Modern microscopy instrumentation and techniques permit the study of microorganisms at the single cell level and have been used extensively to study essential bacterial processes such as motility, cell division and the cell cycle. Several methods have been reported for live-cell time-lapse imaging of bacteria which can be crudely divided into two general approaches: growing bacteria on thin agar pads [1–3] or growing bacteria in micro-fluidic chambers [4, 5]. Both have their advantages and limitations.
The use of micro-channels is a sophisticated technique, often combined with micro-fluidic devices, and is consequently a more expensive method that requires specialised equipment and greater operator expertise. A cover slip containing a micro-channel is produced and the cells/culture fluid added to the channel, which is then covered with a porous membrane [5]. In this technique, the system is not sealed so gaseous exchange can occur freely and agents can be added to the culture fluid mid-experiment, so longer and more varied manipulations can be performed. However, micro-fluidic devices usually constrain cell growth to one or two dimensions to allow for single cell tracking, and the cells have to be attached to a substratum strong enough to resist the fluid flow [6]. Furthermore, due to the spatial constraints, daughter cells either have to form as a chain, which is not necessarily the natural pattern for all bacteria, or they detach from the substrata and are lost in the flow [6]. Finally, the physical constraint in micro-channels may prevent significant aspects of cell division from occurring, such as snapping in rod-shaped actinomycetes [2].
Agar pad methods consist of bacterial cells sandwiched between a thin agar pad and a glass cover slip on top, which is then sealed. The advantages of this technique are that it is simple, relatively inexpensive to set up and there are no physical barriers allowing expansive growth. However, the environmental conditions cannot be manipulated which limits the variety of experiments that can be performed and the growth of aerobic cells may be affected in a sealed environment. The agar pad itself is also prone to desiccation over time hampering longer term experiments [6]. This technique is therefore best suited to short time studies where no manipulation of the culture conditions is required.

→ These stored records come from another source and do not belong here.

(* Let $E^*=\{\alpha\in\mathbb{Z}[\gamma]:\alpha>0\}$. The sets $$E^{(+)}=\{m+n\gamma^{-1}:\ m,n\in\mathbb{Z},\ m,n\ge1\},\qquad E^{(i)}=\{m\gamma^{-i}+n\gamma^{-i-2}:\ m,n\in\mathbb{Z},\ m\ge1,\ n\ge0\}\quad(i\in\mathbb{N})$$ are pairwise disjoint and their union is $E^*$.
   Context: $\gamma=(1+\sqrt5)/2$ and $\mathbb{Z}[\gamma]=\mathbb{Z}\oplus\mathbb{Z}\gamma^{-1}\subset\mathbb{R}$. *)

theory Defs
  imports Complex_Main
begin

definition gamma :: real where
  "gamma = (1 + sqrt 5) / 2"

definition Zgamma :: "real set" where
  "Zgamma = {of_int m + of_int n * inverse gamma | m n :: int. True}"

definition Estar :: "real set" where
  "Estar = {\<alpha> \<in> Zgamma. \<alpha> > 0}"

definition Eplus :: "real set" where
  "Eplus = {of_int m + of_int n * inverse gamma | m n :: int. m \<ge> 1 \<and> n \<ge> 1}"

definition Ei :: "nat \<Rightarrow> real set" where
  "Ei i = {of_int m * inverse gamma ^ i + of_int n * inverse gamma ^ (i + 2)
           | m n :: int. m \<ge> 1 \<and> n \<ge> 0}"

end

theory Submission
  imports Defs
begin

(*
  Write phi = 1/gamma, so that phi^2 = 1 - phi and 0 < phi < 1.  Since phi is
  irrational, the map  emb (a, b) = a + b * phi  is a bijection from the lattice
  Z x Z onto Z[gamma], and multiplication by phi becomes the linear map
  shift (a, b) = (b, a - b).  In these coordinates
    E(+) = emb (positive quadrant),
    E(i) = emb (shift^i (base cone)),   base cone = {(a, b). b <= 0, a + b >= 1},
  so the theorem is a statement about lattice points, proved in three parts:
  (1) one application of shift moves the base cone into a "transit" cone which
      shift maps into itself and which meets neither the base cone nor the
      positive quadrant; with injectivity of shift this gives all disjointness;
  (2) every lattice point with positive image outside the positive quadrant is
      reached from the base cone: dividing by phi (inverting shift) keeps the
      value positive and decreases |a| + |b| until the base cone is hit.
*)

definition phi :: real where
  "phi = inverse gamma"

lemma phi_closed_form: "phi = (sqrt 5 - 1) / 2"
proof -
  have "(1 + sqrt 5) * (sqrt 5 - 1) = (4::real)"
    by (simp add: algebra_simps)
  moreover have "1 + sqrt 5 \<noteq> (0::real)"
    using real_sqrt_ge_zero[of 5] by linarith
  ultimately show ?thesis
    unfolding phi_def gamma_def by (simp add: field_simps)
qed

lemma phi_square: "phi * phi = 1 - phi"
  unfolding phi_closed_form by (simp add: field_simps)

lemma phi_pos: "0 < phi" and phi_less_one: "phi < 1"
proof -
  have "1 < sqrt (5::real)" and "sqrt (5::real) < 3"
    by (simp, rule real_less_lsqrt) auto
  then show "0 < phi" "phi < 1"
    unfolding phi_closed_form by auto
qed

text \<open>The norm form of Z[gamma] has no nontrivial integer zero: a zero with
  b \<noteq> 0 forces a and b to be even, and halving both gives infinite descent.
  This is the irrationality of phi in integral form.\<close>
lemma golden_norm_zero: "(a::int)^2 - a * b - b^2 = 0 \<Longrightarrow> b = 0"
proof (induction "nat \<bar>b\<bar>" arbitrary: a b rule: less_induct)
  case less
  show ?case
  proof (rule ccontr)
    assume b_nonzero: "b \<noteq> 0"
    have "even b"
    proof (rule ccontr)
      assume "odd b"
      then have "even (a * (a - b))" by auto
      moreover have "a^2 - a * b - b^2 = a * (a - b) - b^2"
        by (simp add: algebra_simps power2_eq_square)
      ultimately have "odd (a^2 - a * b - b^2)" using \<open>odd b\<close> by auto
      with less.prems show False by simp
    qed
    then obtain b' where b': "b = 2 * b'" by blast
    have "a^2 = b * (a + b)"
      using less.prems by (simp add: algebra_simps power2_eq_square)
    then have "even (a^2)" using b' by simp
    then have "even a" by simp
    then obtain a' where a': "a = 2 * a'" by blast
    have "4 * (a'^2 - a' * b' - b'^2) = 0"
      using less.prems a' b' by (simp add: algebra_simps power2_eq_square)
    then have "a'^2 - a' * b' - b'^2 = 0" by simp
    moreover have "nat \<bar>b'\<bar> < nat \<bar>b\<bar>" using b' b_nonzero by auto
    ultimately have "b' = 0" using less.hyps by blast
    with b' b_nonzero show False by simp
  qed
qed

definition emb :: "int \<times> int \<Rightarrow> real" where
  "emb p = of_int (fst p) + of_int (snd p) * phi"

text \<open>Since phi is a root of x^2 + x - 1, a vanishing a + b phi with b \<noteq> 0
  would give a zero of the norm form.\<close>
lemma emb_eq_zero: "emb (x, y) = 0 \<Longrightarrow> x = 0 \<and> y = 0"
proof -
  assume zero: "emb (x, y) = 0"
  have "y = 0"
  proof (rule ccontr)
    assume y_nonzero: "y \<noteq> 0"
    have phi_ratio: "phi = - of_int x / of_int y"
      using zero y_nonzero by (simp add: emb_def field_simps)
    have "phi * phi + phi - 1 = 0"
      using phi_square by simp
    then have "(of_int x)^2 - of_int x * of_int y - (of_int y)^2 = (0::real)"
      using y_nonzero unfolding phi_ratio by (simp add: field_simps power2_eq_square)
    then have "x^2 - x * y - y^2 = 0"
      by (metis of_int_eq_0_iff of_int_diff of_int_mult of_int_power)
    with y_nonzero show False using golden_norm_zero by blast
  qed
  with zero show ?thesis by (simp add: emb_def)
qed

lemma inj_emb: "inj emb"
proof (rule injI)
  fix p q assume "emb p = emb q"
  then have "emb (fst p - fst q, snd p - snd q) = 0"
    by (simp add: emb_def algebra_simps)
  then show "p = q" by (auto dest: emb_eq_zero simp: prod_eq_iff)
qed

fun shift :: "int \<times> int \<Rightarrow> int \<times> int" where
  "shift (a, b) = (b, a - b)"

lemma emb_shift: "emb (shift p) = phi * emb p"
proof (cases p)
  case (Pair a b)
  then have "phi * emb p = of_int a * phi + of_int b * (phi * phi)"
    by (simp add: emb_def algebra_simps)
  also have "\<dots> = emb (shift p)"
    using Pair by (simp add: phi_square emb_def algebra_simps)
  finally show ?thesis by simp
qed

lemma emb_shift_iter: "emb ((shift ^^ i) p) = phi ^ i * emb p"
  by (induction i) (simp_all add: emb_shift)

text \<open>Shift is invertible (its inverse is (a, b) \<mapsto> (a + b, a)), so orbits
  of different points never merge.\<close>
lemma inj_shift: "inj shift"
  by (rule injI) (auto simp: prod_eq_iff elim: shift.elims)

text \<open>The coordinates of E(+) and of E(0) respectively.\<close>
definition pos_quadrant :: "(int \<times> int) set" where
  "pos_quadrant = {(a, b). a \<ge> 1 \<and> b \<ge> 1}"

definition base_cone :: "(int \<times> int) set" where
  "base_cone = {(a, b). b \<le> 0 \<and> a + b \<ge> 1}"

text \<open>The cone through which the orbits of base points travel; it is
  shift-invariant and disjoint from the other two regions.\<close>
definition transit_cone :: "(int \<times> int) set" where
  "transit_cone = {(a, b). a \<le> 0 \<and> b \<ge> 1} \<union> {(a, b). a \<ge> 1 \<and> b \<le> 0 \<and> a + b \<le> 0}"

lemma shift_iter_base_cone:
  assumes "p \<in> base_cone" and "i \<ge> 1"
  shows "(shift ^^ i) p \<in> transit_cone"
  using assms(2)
proof (induction i rule: dec_induct)
  case base
  show ?case using assms(1) by (cases p) (auto simp: base_cone_def transit_cone_def)
next
  case (step i)
  then show ?case by (cases "(shift ^^ i) p") (auto simp: transit_cone_def)
qed

lemma base_orbit_avoids_quadrant: "pos_quadrant \<inter> (shift ^^ i) ` base_cone = {}"
proof (cases "i = 0")
  case True
  then show ?thesis by (auto simp: pos_quadrant_def base_cone_def)
next
  case False
  then have "(shift ^^ i) ` base_cone \<subseteq> transit_cone"
    using shift_iter_base_cone by auto
  then show ?thesis by (auto simp: pos_quadrant_def transit_cone_def)
qed

lemma base_transit_disjoint: "base_cone \<inter> transit_cone = {}"
  by (auto simp: base_cone_def transit_cone_def)

text \<open>If shift^i p = shift^j q with i < j, cancelling shift^i gives
  p = shift^(j-i) q, a point of the base cone inside the transit cone.\<close>
lemma base_orbits_disjoint_lt:
  assumes "i < j"
  shows "(shift ^^ i) ` base_cone \<inter> (shift ^^ j) ` base_cone = {}"
proof (rule ccontr)
  assume "(shift ^^ i) ` base_cone \<inter> (shift ^^ j) ` base_cone \<noteq> {}"
  then obtain p q where p: "p \<in> base_cone" and q: "q \<in> base_cone"
    and meet: "(shift ^^ i) p = (shift ^^ j) q"
    by blast
  have "j = i + (j - i)" using assms by simp
  then have "(shift ^^ j) q = (shift ^^ i) ((shift ^^ (j - i)) q)"
    by (metis funpow_add o_apply)
  with meet have "p = (shift ^^ (j - i)) q"
    using inj_fn[OF inj_shift, of i] by (simp add: inj_eq)
  moreover have "(shift ^^ (j - i)) q \<in> transit_cone"
    using shift_iter_base_cone[OF q] assms by simp
  ultimately show False
    using p base_transit_disjoint by blast
qed

lemma base_orbits_disjoint:
  "i \<noteq> j \<Longrightarrow> (shift ^^ i) ` base_cone \<inter> (shift ^^ j) ` base_cone = {}"
  using base_orbits_disjoint_lt[of i j] base_orbits_disjoint_lt[of j i]
  by (cases "i < j") auto

text \<open>One step of the descent: a positive point outside the quadrant and the
  base cone is phi times the positive point (a + b, a), which again lies outside
  the quadrant and is either in the base cone or strictly smaller.\<close>
lemma descent_step:
  assumes pos: "0 < emb (a, b)"
    and "(a, b) \<notin> pos_quadrant" and "(a, b) \<notin> base_cone"
  shows "0 < emb (a + b, a)" and "(a + b, a) \<notin> pos_quadrant"
    and "\<bar>a + b\<bar> + \<bar>a\<bar> < \<bar>a\<bar> + \<bar>b\<bar> \<or> (a + b, a) \<in> base_cone"
proof -
  have "phi * emb (a + b, a) = emb (a, b)"
    using emb_shift[of "(a + b, a)"] by simp
  then show "0 < emb (a + b, a)"
    using pos phi_pos by (metis zero_less_mult_pos)
  have cases: "(b \<le> 0 \<and> a + b \<le> 0) \<or> (a \<le> 0 \<and> b \<ge> 1)"
    using assms(2,3) by (auto simp: pos_quadrant_def base_cone_def)
  have value_pos: "0 < of_int a + of_int b * phi"
    using pos by (simp add: emb_def)
  show "(a + b, a) \<notin> pos_quadrant"
    using cases by (auto simp: pos_quadrant_def)
  show "\<bar>a + b\<bar> + \<bar>a\<bar> < \<bar>a\<bar> + \<bar>b\<bar> \<or> (a + b, a) \<in> base_cone"
    using cases
  proof
    assume neg: "b \<le> 0 \<and> a + b \<le> 0"
    then have "of_int b * phi \<le> 0"
      using phi_pos by (simp add: mult_nonpos_nonneg)
    then have "a \<ge> 1" using value_pos by linarith
    with neg show ?thesis by auto
  next
    assume upper: "a \<le> 0 \<and> b \<ge> 1"
    then have "of_int b * phi < of_int b"
      using phi_less_one by simp
    then have "a + b \<ge> 1" using value_pos by linarith
    with upper show ?thesis by (cases "a = 0") (auto simp: base_cone_def)
  qed
qed

lemma positive_point_in_orbit:
  "0 < emb p \<Longrightarrow> p \<notin> pos_quadrant \<Longrightarrow> \<exists>i. p \<in> (shift ^^ i) ` base_cone"
proof (induction "nat (\<bar>fst p\<bar> + \<bar>snd p\<bar>)" arbitrary: p rule: less_induct)
  case less
  obtain a b where p: "p = (a, b)" by force
  show ?case
  proof (cases "p \<in> base_cone")
    case True
    then show ?thesis by (intro exI[of _ 0]) simp
  next
    case False
    note step = descent_step[of a b, folded p, OF less.prems False]
    have "\<exists>i. (a + b, a) \<in> (shift ^^ i) ` base_cone"
      using step(3)
    proof
      assume "\<bar>a + b\<bar> + \<bar>a\<bar> < \<bar>a\<bar> + \<bar>b\<bar>"
      then have "nat (\<bar>a + b\<bar> + \<bar>a\<bar>) < nat (\<bar>fst p\<bar> + \<bar>snd p\<bar>)"
        using p by (simp add: nat_less_eq_zless)
      then show ?thesis
        using less.hyps step(1,2) by simp
    next
      assume "(a + b, a) \<in> base_cone"
      then show ?thesis by (intro exI[of _ 0]) simp
    qed
    then obtain i q where q: "q \<in> base_cone" and "(shift ^^ i) q = (a + b, a)"
      by (metis imageE)
    then have "p = (shift ^^ Suc i) q"
      using p by simp
    with q show ?thesis by blast
  qed
qed

lemma positive_points_decomposition:
  "{p. 0 < emb p} = pos_quadrant \<union> (\<Union>i. (shift ^^ i) ` base_cone)"
proof (intro equalityI subsetI)
  fix p assume "p \<in> {p. 0 < emb p}"
  then show "p \<in> pos_quadrant \<union> (\<Union>i. (shift ^^ i) ` base_cone)"
    using positive_point_in_orbit by blast
next
  have quadrant_pos: "0 < emb p" if "p \<in> pos_quadrant" for p
    using that phi_pos by (auto simp: pos_quadrant_def emb_def add_pos_pos)
  have base_pos: "0 < emb p" if "p \<in> base_cone" for p
  proof -
    obtain a b where p: "p = (a, b)" by force
    with that have "b \<le> 0" "a + b \<ge> 1" by (auto simp: base_cone_def)
    then have "of_int b * (1 - phi) \<le> 0"
      using phi_less_one by (intro mult_nonpos_nonneg) auto
    with p \<open>a + b \<ge> 1\<close> show ?thesis by (simp add: emb_def algebra_simps)
  qed
  fix p assume "p \<in> pos_quadrant \<union> (\<Union>i. (shift ^^ i) ` base_cone)"
  then consider "p \<in> pos_quadrant" | i q where "q \<in> base_cone" "p = (shift ^^ i) q"
    by blast
  then show "p \<in> {p. 0 < emb p}"
  proof cases
    case 1
    then show ?thesis using quadrant_pos by simp
  next
    case 2
    then show ?thesis using base_pos phi_pos by (simp add: emb_shift_iter)
  qed
qed

lemma Eplus_emb: "Eplus = emb ` pos_quadrant"
  unfolding Eplus_def pos_quadrant_def emb_def phi_def by force

lemma Ei_emb: "Ei i = emb ` (shift ^^ i) ` base_cone"
proof -
  text \<open>m phi^i + n phi^(i+2) = phi^i (m + n - n phi), since phi^2 = 1 - phi.\<close>
  have coordinates: "of_int m * inverse gamma ^ i + of_int n * inverse gamma ^ (i + 2)
             = emb ((shift ^^ i) (m + n, - n))" for m n :: int
  proof -
    have "phi ^ (i + 2) = phi ^ i * (1 - phi)"
      by (simp add: power_add power2_eq_square phi_square)
    then have "of_int m * inverse gamma ^ i + of_int n * inverse gamma ^ (i + 2)
             = of_int m * phi ^ i + of_int n * (phi ^ i * (1 - phi))"
      by (simp only: phi_def)
    also have "\<dots> = phi ^ i * emb (m + n, - n)"
      by (simp add: emb_def algebra_simps)
    finally show ?thesis by (simp add: emb_shift_iter)
  qed
  show ?thesis
  proof (intro equalityI subsetI)
    fix x assume "x \<in> Ei i"
    then obtain m n :: int where "m \<ge> 1" "n \<ge> 0"
      and x: "x = emb ((shift ^^ i) (m + n, - n))"
      unfolding Ei_def coordinates by blast
    then have "(m + n, - n) \<in> base_cone" by (simp add: base_cone_def)
    with x show "x \<in> emb ` (shift ^^ i) ` base_cone" by blast
  next
    fix x assume "x \<in> emb ` (shift ^^ i) ` base_cone"
    then obtain a b where "b \<le> 0" "a + b \<ge> 1" and x: "x = emb ((shift ^^ i) (a, b))"
      by (auto simp: base_cone_def)
    then have "x = emb ((shift ^^ i) ((a + b) + - b, - (- b)))" by simp
    with \<open>b \<le> 0\<close> \<open>a + b \<ge> 1\<close> show "x \<in> Ei i"
      unfolding Ei_def coordinates by (intro CollectI exI[of _ "a + b"] exI[of _ "- b"]) simp
  qed
qed

lemma Estar_emb: "Estar = emb ` {p. 0 < emb p}"
proof -
  have "Zgamma = range emb"
  proof (intro equalityI subsetI)
    fix x assume "x \<in> Zgamma"
    then obtain m n :: int where "x = of_int m + of_int n * inverse gamma"
      unfolding Zgamma_def by blast
    then have "x = emb (m, n)" by (simp add: emb_def phi_def)
    then show "x \<in> range emb" by blast
  next
    fix x assume "x \<in> range emb"
    then show "x \<in> Zgamma" unfolding Zgamma_def emb_def phi_def by auto
  qed
  then show ?thesis
    unfolding Estar_def by auto
qed

theorem mainTheorem12:
  shows "(\<forall>i. Eplus \<inter> Ei i = {})
       \<and> (\<forall>i j. i \<noteq> j \<longrightarrow> Ei i \<inter> Ei j = {})
       \<and> Eplus \<union> (\<Union>i. Ei i) = Estar"
proof (intro conjI allI impI)
  fix i
  show "Eplus \<inter> Ei i = {}"
    unfolding Eplus_emb Ei_emb image_Int[OF inj_emb, symmetric]
    using base_orbit_avoids_quadrant by simp
next
  fix i j :: nat assume "i \<noteq> j"
  then show "Ei i \<inter> Ei j = {}"
    unfolding Ei_emb image_Int[OF inj_emb, symmetric]
    using base_orbits_disjoint by simp
next
  show "Eplus \<union> (\<Union>i. Ei i) = Estar"
    unfolding Eplus_emb Ei_emb Estar_emb positive_points_decomposition
    by (simp add: image_Un image_UN)
qed

end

Time-lapse imaging of bacteria using existing agar pad methods have been used successfully to study a number of bacteria including Escherichia coli [7], Corynebacterium glutamicum [2], Vibrio cholerae [1], Caulobacter crescentus [3] and Pseudomonas aeruginosa [5]. However, time-lapse imaging movies of the slower growing mycobacteria using existing agar pad methods are yet to be reported. Here we report the development of a modified agar pad method which overcomes some of the limitations of current protocols and present bacterial imaging and movie data obtained using this method.